Boiteau Paul - Les Aventures du Baron de Trenck - Bibliothèque numérique romande - Anonyme Des Friedrich Freiherrn von der Trenck merkwürdige LebensgeschichteBoiteau Paul – Les Aventures du Baron de Trenck (d’après ses mémoires) : Favori ! Frédéric II, le roi de Prusse ne pouvait plus se passer du jeune Frédéric, baron de Trenck, à peine vingt ans. Ses qualités intellectuelles et sa mémoire comme ses prouesses militaires l’introduisirent dans tous les cercles de la cour, et dans le quotidien du roi, il y rencontra Voltaire et le groupe des philosophes invités de Frédéric II. En campagne, il était son aide de camp et bénéficiaire de toutes les attentions.

Mais la faveur d’un roi n’a qu’un temps. Faut-il accuser les cabales de l’envie ou sa liaison avec Anne Amélie de Prusse, la propre sœur de Frédéric II ? Convaincu de trahison, il fut enfermé dans la forteresse de Glatz. Évadé, réfugié à Moscou où il séduisit une princesse, puis à Vienne pour recueillir la succession d’un cousin, il restait poursuivi par la fureur de Frédéric II qui réussit finalement à le capturer. Emprisonné à nouveau, il resta 10 ans sous les chaines dans un cachot de la forteresse de l’Étoile à Magdebourg.

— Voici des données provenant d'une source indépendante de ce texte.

lemma common_multiples_in_if_rrev_Nil:
  assumes "\<forall>u\<in>X. \<forall>v\<in>X. \<exists>u'\<in>X. \<exists>v'\<in>X. rrev S R (neg (u @ v') @ pos (v @ u')) []"
  shows "common_multiples_in R X"
  unfolding common_multiples_in_def
proof (intro ballI)
  fix u v
  assume "u \<in> X" "v \<in> X"
  with assms obtain u' v' where "u' \<in> X" "v' \<in> X" "rrev S R (neg (u @ v') @ pos (v @ u')) []"
    by blast
  then show "\<exists>u'\<in>X. \<exists>v'\<in>X. cong_R R (u @ v') (v @ u')"
    by (blast intro: cong_R_if_rrev_Nil)
qed

lemma common_multiple_concat_single:
  assumes "common_multiples_in R X" and "xs \<in> lists X" "v \<in> X"
  shows "\<exists>xs'\<in>lists X. \<exists>v'\<in>X. cong_R R (concat xs @ v') (v @ concat xs')"
  using assms(2,3)
proof (induction xs arbitrary: v)
  case Nil
  have "cong_R R (concat [] @ v) (v @ concat [])"
    by simp
  with Nil show ?case by blast
next
  case (Cons u xs)
  obtain u' v' where "u' \<in> X" "v' \<in> X" and uv: "cong_R R (u @ v') (v @ u')"
    using assms(1) Cons.hyps(1) Cons.prems unfolding common_multiples_in_def by blast
  moreover obtain xs' v'' where xs': "xs' \<in> lists X" and "v'' \<in> X"
      and xs: "cong_R R (concat xs @ v'') (v' @ concat xs')"
    using Cons.IH[OF \<open>v' \<in> X\<close>] by blast
  moreover have "cong_R R (concat (u # xs) @ v'') (v @ concat (u' # xs'))"
  proof -
    have "cong_R R (u @ concat xs @ v'') ((u @ v') @ concat xs')"
      using cong_R_append[OF cong_R_refl xs] by simp
    also have "cong_R R \<dots> ((v @ u') @ concat xs')"
      using cong_R_append[OF uv cong_R_refl] .
    finally show ?thesis by simp
  qed
  moreover have "u' # xs' \<in> lists X"
    using \<open>u' \<in> X\<close> xs' by simp
  ultimately show ?case
    using \<open>v'' \<in> X\<close> by (intro bexI[where x = "u' # xs'"] bexI[where x = v''])
qed

lemma common_multiples_in_concat:
  assumes "common_multiples_in R X"
  shows "common_multiples_in R (concat ` lists X)"
proof -
  have grid: "\<exists>xs'\<in>lists X. \<exists>ys'\<in>lists X. cong_R R (concat xs @ concat ys') (concat ys @ concat xs')"
    if "ys \<in> lists X" "xs \<in> lists X" for xs ys
    using that
  proof (induction ys arbitrary: xs)
    case Nil
    have "cong_R R (concat xs @ concat []) (concat [] @ concat xs)"
      by simp
    with Nil show ?case by blast
  next
    case (Cons v ys)
    obtain xs' v' where "xs' \<in> lists X" and "v' \<in> X"
        and xs: "cong_R R (concat xs @ v') (v @ concat xs')"
      using common_multiple_concat_single[OF assms Cons.prems Cons.hyps(1)] by blast
    moreover obtain xs'' ys' where "xs'' \<in> lists X" and ys': "ys' \<in> lists X"
        and ys: "cong_R R (concat xs' @ concat ys') (concat ys @ concat xs'')"
      using Cons.IH[OF \<open>xs' \<in> lists X\<close>] by blast
    moreover have "cong_R R (concat xs @ concat (v' # ys')) (concat (v # ys) @ concat xs'')"
    proof -
      have "cong_R R ((concat xs @ v') @ concat ys') ((v @ concat xs') @ concat ys')"
        using cong_R_append[OF xs cong_R_refl] .
      also have "cong_R R \<dots> (v @ concat ys @ concat xs'')"
        using cong_R_append[OF cong_R_refl ys] by simp
      finally show ?thesis by simp
    qed
    moreover have "v' # ys' \<in> lists X"
      using \<open>v' \<in> X\<close> ys' by simp
    ultimately show ?case
      by (intro bexI[where x = xs''] bexI[where x = "v' # ys'"])
  qed
  show ?thesis
    unfolding common_multiples_in_def
  proof (intro ballI)
    fix u v
    assume "u \<in> concat ` lists X" "v \<in> concat ` lists X"
    then obtain xs ys where xs: "xs \<in> lists X" and ys: "ys \<in> lists X"
        and uv: "u = concat xs" "v = concat ys"
      by blast
    obtain xs' ys' where "xs' \<in> lists X" "ys' \<in> lists X"
        and "cong_R R (concat xs @ concat ys') (concat ys @ concat xs')"
      using grid[OF ys xs] by blast
    then show "\<exists>u'\<in>concat ` lists X. \<exists>v'\<in>concat ` lists X. cong_R R (u @ v') (v @ u')"
      unfolding uv by (intro bexI[where x = "concat xs'"] bexI[where x = "concat ys'"] imageI)
  qed
qed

Libéré, il écrivit ses mémoires qui connurent un immense succès en Europe et jusqu’en Amérique. Partisan de la révolution française, il se rendit à Paris. Arrêté comme espion, il fut guillotiné en 1794, dans les dernières heures de la Terreur. Plusieurs films reprennent les aventures de sa vie ainsi qu’une série, Les Aventures extraordinaires du baron von Trenck, diffusée en France en 1973.